**WORK ITEM**
Return, word for word, the line that contains "r_rest by auto" and every line after it through the end of the records.

**RECORDS PROVIDED**
*** Block opens ***

(* There is an absolute constant $C>0$ such that the following holds. Let $P=P_0\setminus\bigcup_{i=1}^h\operatorname{int}(P_i)$, where $P_0$ is a convex polygon and $P_1,\dots,P_h$ are pairwise disjoint $\lambda$-fat convex polygons in the interior of $P_0$, for some $\lambda\in(0,1]$. Then for all $s,t\in P$, ${\rm geod}(s,t)\le C\lambda^{-1}|st|$.
   Context: The width of a convex body $K$ is the minimum width of a parallel slab containing $K$; $K$ is $\lambda$-fat if ${\rm width}(K)/{\rm diam}_2(K)\ge\lambda$. ${\rm geod}(s,t)$ is the infimum of Euclidean lengths of polygonal paths from $s$ to $t$ contained in $P$. *)

theory Defs
  imports "HOL-Analysis.Analysis" "HOL-Library.Extended_Real"
begin

definition convex_polygon :: "(real^2) set \<Rightarrow> bool" where
  "convex_polygon K \<longleftrightarrow> polytope K \<and> interior K \<noteq> {}"

definition width :: "(real^2) set \<Rightarrow> real" where
  "width K = (INF u\<in>sphere (0::real^2) 1. (SUP x\<in>K. u \<bullet> x) - (INF x\<in>K. u \<bullet> x))"

definition fat :: "real \<Rightarrow> (real^2) set \<Rightarrow> bool" where
  "fat lam K \<longleftrightarrow> width K / diameter K \<ge> lam"

definition polygonal_path_in :: "(real^2) set \<Rightarrow> (real^2) list \<Rightarrow> bool" where
  "polygonal_path_in P ps \<longleftrightarrow> ps \<noteq> [] \<and>
     (\<forall>i. Suc i < length ps \<longrightarrow> closed_segment (ps ! i) (ps ! Suc i) \<subseteq> P)
     \<and> (length ps = 1 \<longrightarrow> hd ps \<in> P)"

definition poly_length :: "(real^2) list \<Rightarrow> real" where
  "poly_length ps = (\<Sum>i<length ps - 1. dist (ps ! i) (ps ! Suc i))"

text \<open>Geodesic distance in P (value \<infinity> if no polygonal path exists).\<close>
definition geod :: "(real^2) set \<Rightarrow> real^2 \<Rightarrow> real^2 \<Rightarrow> ereal" where
  "geod P s t = (INF ps\<in>{ps. polygonal_path_in P ps \<and> hd ps = s \<and> last ps = t}.
                   ereal (poly_length ps))"

end

theory Submission
  imports Defs
begin

(* Induct on the number of obstacles whose interior meets the segment st. If st enters int(Q_i),
   let a and b be its first and last points on Q_i: the pieces sa and bt meet fewer obstacles,
   and a, b are joined along the boundary of Q_i. So it suffices to join two boundary points a, b
   of a lambda-fat convex polygon K along its boundary by a polyline of length at most
   40 |ab| / lambda.

   Such a polyline is first built outside int K from the supporting lines at a and b, with outer
   unit normals n1, n2. The path through the meeting point of the two lines has length at most
   2 |ab| / |n1 x n2|, and at most 2 |ab| if n1 . n2 >= 0. Otherwise, if |n1 x n2| < lambda / 4,
   the two lines are nearly parallel and face each other, so the width of K is at most
   2 (|ab| + |n1 x n2| diam K); fatness then gives diam K <= 4 |ab| / lambda, and a detour around
   the far side of K is short enough. Finally, a polyline outside int K between two points of K
   can be pushed onto the boundary without getting longer, by cutting it successively with the
   halfplanes whose intersection is K. *)

section \<open>Polylines\<close>

fun segments_in :: "(real^2) set \<Rightarrow> (real^2) list \<Rightarrow> bool" where
  "segments_in S (x # y # r) \<longleftrightarrow> closed_segment x y \<subseteq> S \<and> segments_in S (y # r)"
| "segments_in S _ \<longleftrightarrow> True"

definition polyline_in :: "(real^2) set \<Rightarrow> real^2 \<Rightarrow> real^2 \<Rightarrow> (real^2) list \<Rightarrow> bool" where
  "polyline_in S a b ps \<longleftrightarrow> ps \<noteq> [] \<and> hd ps = a \<and> last ps = b \<and> segments_in S ps"

lemma poly_length_Nil [simp]: "poly_length [] = 0"
  and poly_length_singleton [simp]: "poly_length [x] = 0"
  by (simp_all add: poly_length_def)

lemma poly_length_Cons_Cons [simp]: "poly_length (x # y # r) = dist x y + poly_length (y # r)"
proof -
  have "poly_length (x # y # r) = (\<Sum>i<Suc (length r). dist ((x # y # r) ! i) ((x # y # r) ! Suc i))"
    by (simp add: poly_length_def)
  also have "\<dots> = dist x y + (\<Sum>i<length r. dist ((y # r) ! i) ((y # r) ! Suc i))"
    by (subst sum.lessThan_Suc_shift) simp
  finally show ?thesis by (simp add: poly_length_def)
qed

lemma poly_length_nonneg: "0 \<le> poly_length ps"
  by (simp add: poly_length_def sum_nonneg)

lemma segments_in_iff_nth:
  "segments_in S ps \<longleftrightarrow> (\<forall>i. Suc i < length ps \<longrightarrow> closed_segment (ps ! i) (ps ! Suc i) \<subseteq> S)"
proof (induction S ps rule: segments_in.induct)
  case (1 S x y r)
  show ?case
  proof
    assume "segments_in S (x # y # r)"
    then show "\<forall>i. Suc i < length (x # y # r) \<longrightarrow>
        closed_segment ((x # y # r) ! i) ((x # y # r) ! Suc i) \<subseteq> S"
      using 1 by (auto simp: nth_Cons split: nat.splits)
  next
    assume H: "\<forall>i. Suc i < length (x # y # r) \<longrightarrow>
        closed_segment ((x # y # r) ! i) ((x # y # r) ! Suc i) \<subseteq> S"
    have "closed_segment x y \<subseteq> S" using H[rule_format, of 0] by simp
    moreover have "segments_in S (y # r)" using 1 H by (metis Suc_less_eq length_Cons nth_Cons_Suc)
    ultimately show "segments_in S (x # y # r)" by simp
  qed
qed auto

lemma segments_in_mono: "segments_in S ps \<Longrightarrow> S \<subseteq> T \<Longrightarrow> segments_in T ps"
  by (induction S ps rule: segments_in.induct) auto

lemma hd_in_if_segments_in:
  assumes "segments_in S ps" "ps \<noteq> []" "last ps \<in> S"
  shows "hd ps \<in> S"
  using assms by (induction S ps rule: segments_in.induct) auto

lemma polyline_in_mono: "polyline_in S a b ps \<Longrightarrow> S \<subseteq> T \<Longrightarrow> polyline_in T a b ps"
  by (auto simp: polyline_in_def intro: segments_in_mono)

lemma polyline_in_Cons:
  "polyline_in S b c ps \<Longrightarrow> closed_segment a b \<subseteq> S \<Longrightarrow>
     polyline_in S a c (a # ps) \<and> poly_length (a # ps) = dist a b + poly_length ps"
  by (cases ps) (auto simp: polyline_in_def)

lemma polyline_in_append:
  assumes "polyline_in S a b ps" "polyline_in S b c qs"
  shows "polyline_in S a c (ps @ tl qs)" "poly_length (ps @ tl qs) = poly_length ps + poly_length qs"
proof -
  have "ps \<noteq> [] \<Longrightarrow> last ps = hd qs \<Longrightarrow> segments_in S ps \<Longrightarrow>
    segments_in S (ps @ tl qs) \<and> poly_length (ps @ tl qs) = poly_length ps + poly_length qs"
    using assms(2) unfolding polyline_in_def
  proof (induction ps)
    case (Cons x r)
    then show ?case by (cases r; cases qs) auto
  qed simp
  moreover have "last (ps @ tl qs) = c"
    using assms by (cases qs) (auto simp: polyline_in_def)
  ultimately show "polyline_in S a c (ps @ tl qs)" "poly_length (ps @ tl qs) = poly_length ps + poly_length qs"
    using assms by (auto simp: polyline_in_def)
qed

lemma geod_le_poly_length:
  assumes "polyline_in P s t ps" "s \<in> P"
  shows "geod P s t \<le> ereal (poly_length ps)"
proof -
  have "polygonal_path_in P ps"
    using assms unfolding polygonal_path_in_def polyline_in_def segments_in_iff_nth[symmetric] by auto
  then show ?thesis
    using assms(1) unfolding geod_def polyline_in_def by (intro INF_lower) auto
qed

section \<open>Pushing a polyline onto the boundary of a polyhedron\<close>

lemma dist_add_dist_closed_segment:
  fixes a b :: "'a::euclidean_space"
  shows "x \<in> closed_segment a b \<Longrightarrow> dist a x + dist x b = dist a b"
  by (simp flip: between_mem_segment add: between)

lemma closed_segment_meets_hyperplane:
  fixes p q :: "'a::euclidean_space"
  assumes "g \<bullet> p \<le> \<beta>" "\<beta> \<le> g \<bullet> q"
  obtains c where "c \<in> closed_segment p q" "g \<bullet> c = \<beta>"
  using connected_ivt_hyperplane[of "closed_segment p q" p q g \<beta>] assms by auto

text \<open>A polyline leaving the halfspace \<open>g \<bullet> x \<le> \<beta>\<close> can be rerouted along the bounding line,
  provided \<open>S\<close> contains the segments between its points on that line.\<close>

context
  fixes g :: "real^2" and \<beta> :: real and S :: "(real^2) set"
  assumes segment_on_line: "\<And>c d. c \<in> S \<Longrightarrow> d \<in> S \<Longrightarrow> g \<bullet> c = \<beta> \<Longrightarrow> g \<bullet> d = \<beta> \<Longrightarrow>
    closed_segment c d \<subseteq> S"
begin

lemma polyline_last_entry_into_halfspace:
  "segments_in S xs \<Longrightarrow> xs \<noteq> [] \<Longrightarrow> g \<bullet> last xs \<le> \<beta> \<Longrightarrow>
    segments_in (S \<inter> {x. g \<bullet> x \<le> \<beta>}) xs \<or>
    (\<exists>d ds. d \<in> S \<and> g \<bullet> d = \<beta> \<and> polyline_in (S \<inter> {x. g \<bullet> x \<le> \<beta>}) d (last xs) ds \<and>
       dist (hd xs) d + poly_length ds \<le> poly_length xs)"
proof (induction xs rule: induct_list012)
  case (3 q r rest)
  let ?H = "{x. g \<bullet> x \<le> \<beta>}"
  have qr: "closed_segment q r \<subseteq> S" and r_rest: "segments_in S (r # rest)"
    using "3.prems" by auto
  show ?case
  proof (cases "segments_in (S \<inter> ?H) (r # rest)")
    case True
    then have "r \<in> ?H"
      using hd_in_if_segments_in[of ?H "r # rest"] segments_in_mono "3.prems"(3) by auto
    show ?thesis
    proof (cases "g \<bullet> q \<le> \<beta>")
      case True
      then have "closed_segment q r \<subseteq> ?H"
        using \<open>r \<in> ?H\<close> by (intro closed_segment_subset convex_halfspace_le) auto
      then show ?thesis using qr \<open>segments_in (S \<inter> ?H) (r # rest)\<close> by auto
    next
      case False
      obtain d where d: "d \<in> closed_segment r q" "g \<bullet> d = \<beta>"
        using closed_segment_meets_hyperplane[of g r \<beta> q] \<open>r \<in> ?H\<close> False by auto
      have dr: "closed_segment d r \<subseteq> S \<inter> ?H"
      proof -
        have "closed_segment d r \<subseteq> closed_segment q r"
          using d by (intro closed_segment_subset) (auto simp: closed_segment_commute)
        moreover have "closed_segment d r \<subseteq> ?H"
          using d \<open>r \<in> ?H\<close> by (intro closed_segment_subset convex_halfspace_le) auto
        ultimately show ?thesis using qr by auto
      qed
      have "polyline_in (S \<inter> ?H) r (last (q # r # rest)) (r # rest)"
        using True by (simp add: polyline_in_def)
      then have "polyline_in (S \<inter> ?H) d (last (q # r # rest)) (d # r # rest)"
        and "poly_length (d # r # rest) = dist d r + poly_length (r # rest)"
        using polyline_in_Cons[OF _ dr] by blast+
      moreover have "dist q d + dist d r = dist q r"
        using dist_add_dist_closed_segment[of d q r] d by (simp add: closed_segment_commute)
      moreover have "d \<in> S" using d qr by (auto simp: closed_segment_commute)
      ultimately show ?thesis using d by (intro disjI2 exI[of _ d] exI[of _ "d # r # rest"]) auto
    qed
  next
    case False
    then obtain d ds where "d \<in> S" "g \<bullet> d = \<beta>" "polyline_in (S \<inter> ?H) d (last (r # rest)) ds"
      "dist r d + poly_length ds \<le> poly_length (r # rest)"
      using "3.IH"(2) "3.prems" r_rest by auto
    moreover have "dist q d \<le> dist q r + dist r d" by (rule dist_triangle)
    ultimately show ?thesis by (intro disjI2 exI[of _ d] exI[of _ ds]) auto
  qed
qed auto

*** Block closes ***

**REPLY TO THE TASK**
      using "3.IH"(2) "3.prems" r_rest by auto
    moreover have "dist q d \<le> dist q r + dist r d" by (rule dist_triangle)
    ultimately show ?thesis by (intro disjI2 exI[of _ d] exI[of _ ds]) auto
  qed
qed auto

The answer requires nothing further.